(SUPPLIED DATA Opens)

lemma strip_point_not_in_polygon:
  fixes F \<tau> :: "complex \<Rightarrow> 'a" and P :: "complex set"
  assumes surf: "dilation_surface X S A"
    and z0: "pi / 2 \<le> Im z0" "Im z0 + pi / 2 \<le> theta"
    and F: "continuous_map (top_of_set {z. 0 < Im z \<and> Im z < theta}) X F"
      "F ` {z. 0 < Im z \<and> Im z < theta} \<inter> S = {}"
      "develops A euclidean {z. 0 < Im z \<and> Im z < theta} F exp"
    and \<tau>: "finite P" "continuous_map (top_of_set (convex hull P)) X \<tau>" "\<tau> ` P \<subseteq> S"
      "develops A euclidean (convex hull P - P) \<tau> id"
  shows "F z0 \<notin> \<tau> ` (convex hull P)"
proof
  define St where "St = {z. 0 < Im z \<and> Im z < theta}"
  assume "F z0 \<in> \<tau> ` (convex hull P)"
  then obtain w0 where w0: "w0 \<in> convex hull P" "\<tau> w0 = F z0" by auto
  have "0 < Im z0" "Im z0 < theta" using z0 pi_gt_zero by linarith+
  then have "z0 \<in> St" by (simp add: St_def)
  then have "F z0 \<in> topspace X" "F z0 \<notin> S"
    using F(1,2) by (auto simp: St_def continuous_map_def)
  then obtain V \<phi> where V: "(V, \<phi>) \<in> A" "F z0 \<in> V" by (rule dilation_surface_chart_at[OF surf])
  have w0_reg: "w0 \<in> convex hull P - P" using w0 \<tau>(3) \<open>F z0 \<notin> S\<close> by auto
  obtain N1 a1 b1 where N1: "openin euclidean N1" "z0 \<in> N1" "a1 > 0"
    "\<And>q. q \<in> N1 \<inter> St \<Longrightarrow> F q \<in> V \<and> \<phi> (F q) = of_real a1 * exp q + b1"
    by (rule developsE[OF F(3)[folded St_def] \<open>z0 \<in> St\<close> V]) blast
  obtain N2 a2 b2 where N2: "openin euclidean N2" "w0 \<in> N2" "a2 > 0"
    "\<And>q. q \<in> N2 \<inter> (convex hull P - P) \<Longrightarrow> \<tau> q \<in> V \<and> \<phi> (\<tau> q) = of_real a2 * id q + b2"
    by (rule developsE[OF \<tau>(4) w0_reg V(1)]) (use V(2) w0(2) in auto)
  obtain v where "v \<in> P" and v: "0 \<le> Re ((v - w0) / exp z0)"
    by (rule convex_hull_vertex_in_half_plane[OF w0(1)])
  \<comment> \<open>rescaled so that both paths have the same velocity in the chart V\<close>
  define D where "D = of_real (a2 / a1) * (v - w0)"
  have "0 \<le> Re (D / exp z0)"
  proof -
    define u where "u = (v - w0) / exp z0"
    have "D / exp z0 = of_real (a2 / a1) * u" by (simp add: D_def u_def)
    then have "Re (D / exp z0) = a2 / a1 * Re u" by simp
    then show ?thesis using v N1(3) N2(3) unfolding u_def by simp
  qed
  then obtain \<gamma> where \<gamma>: "path \<gamma>" "\<gamma> 0 = z0" "path_image \<gamma> \<subseteq> St"
    "\<And>s. s \<in> {0..1} \<Longrightarrow> exp (\<gamma> s) = exp z0 + of_real s * D"
    unfolding St_def by (rule exp_ray_lift_in_strip[OF z0]) blast
  have segment: "id (linepath w0 v s) = w0 + of_real s * (v - w0)" if "s \<in> {0..1}" for s
    by (simp add: linepath_def scaleR_conv_of_real algebra_simps)
  have "path_image (linepath w0 v) \<subseteq> convex hull P"
    using w0(1) \<open>v \<in> P\<close> by (simp add: closed_segment_subset hull_inc)
  moreover have "openin (top_of_set (convex hull P)) (convex hull P - P)"
    using \<tau>(1) by (rule openin_convex_hull_diff_finite)
  moreover have "\<tau> z \<in> S" if "z \<in> convex hull P - (convex hull P - P)" for z
    using that \<tau>(3) by auto
  moreover have "of_real a1 * exp z0 + b1 = of_real a2 * w0 + b2"
    using N1(2,4) N2(2,4) \<open>z0 \<in> St\<close> w0_reg w0(2) by force
  moreover have "of_real a1 * D = of_real a2 * (v - w0)"
    using N1(3) by (simp add: D_def)
  ultimately have "F (\<gamma> 1) = \<tau> v"
    using developed_paths_agree[OF surf F(1,3,2)[folded St_def] \<gamma>(1,3,4) \<tau>(2,4) _ _ path_linepath _ _
        segment V(1) N1(1) _ N1(4) N2(1) _ N2(4)] w0_reg N1(2) N2(2) \<gamma>(2)
    by (simp add: linepath_0' linepath_1')
  moreover have "\<gamma> 1 \<in> St" using \<gamma>(3) by (auto simp: path_image_def)
  ultimately show False using F(2)[folded St_def] \<open>v \<in> P\<close> \<tau>(3) by blast
qed

theorem mainTheorem3:
  fixes X :: "'a topology" and S :: "'a set" and A :: "('a set \<times> ('a \<Rightarrow> complex)) set"
    and theta :: real
  assumes "dilation_surface X S A"
    and "has_dilation_cylinder X S A theta"
    and "theta \<ge> pi"
  shows "\<not> geodesic_triangulation X S A"
proof
  assume "geodesic_triangulation X S A"
  obtain F where F: "continuous_map (top_of_set {z. 0 \<le> Im z \<and> Im z \<le> theta}) X F"
    "\<And>z. 0 < Im z \<Longrightarrow> Im z < theta \<Longrightarrow> F z \<notin> S" "develops A euclidean {z. 0 < Im z \<and> Im z < theta} F exp"
    by (rule has_dilation_cylinderE[OF assms(2)]) blast
  define z0 where "z0 = \<i> * of_real (theta / 2)"
  have "0 < theta" using pi_gt_zero assms(3) by linarith
  then have "z0 \<in> {z. 0 \<le> Im z \<and> Im z \<le> theta}" by (simp add: z0_def)
  then have "F z0 \<in> topspace X" using continuous_map_image_subset_topspace[OF F(1)] by auto
  then obtain a b c \<tau> where z0_in: "F z0 \<in> \<tau> ` (convex hull {a, b, c})"
    and \<tau>: "continuous_map (top_of_set (convex hull {a, b, c})) X \<tau>" "\<tau> ` {a, b, c} \<subseteq> S"
      "develops A euclidean (convex hull {a, b, c} - {a, b, c}) \<tau> id"
    by (rule geodesic_triangulation_covering_triangle[OF \<open>geodesic_triangulation X S A\<close>])
  have "F z0 \<notin> \<tau> ` (convex hull {a, b, c})"
  proof (rule strip_point_not_in_polygon[OF assms(1) _ _ _ _ F(3) _ \<tau>])
    show "continuous_map (top_of_set {z. 0 < Im z \<and> Im z < theta}) X F"
      by (rule continuous_map_from_subtopology_mono[OF F(1)]) auto
    show "F ` {z. 0 < Im z \<and> Im z < theta} \<inter> S = {}" using F(2) by auto
  qed (use assms(3) in \<open>simp_all add: z0_def\<close>)
  with z0_in show False by contradiction
qed

end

(SUPPLIED DATA Closes)

WHAT TO DO: For this exercise, please copy exactly the lines of the material above from its first line through the line where "euclidean (convex hull P" appears.

RESULT OF THE TASK:
lemma strip_point_not_in_polygon:
  fixes F \<tau> :: "complex \<Rightarrow> 'a" and P :: "complex set"
  assumes surf: "dilation_surface X S A"
    and z0: "pi / 2 \<le> Im z0" "Im z0 + pi / 2 \<le> theta"
    and F: "continuous_map (top_of_set {z. 0 < Im z \<and> Im z < theta}) X F"
      "F ` {z. 0 < Im z \<and> Im z < theta} \<inter> S = {}"
      "develops A euclidean {z. 0 < Im z \<and> Im z < theta} F exp"
    and \<tau>: "finite P" "continuous_map (top_of_set (convex hull P)) X \<tau>" "\<tau> ` P \<subseteq> S"
      "develops A euclidean (convex hull P - P) \<tau> id"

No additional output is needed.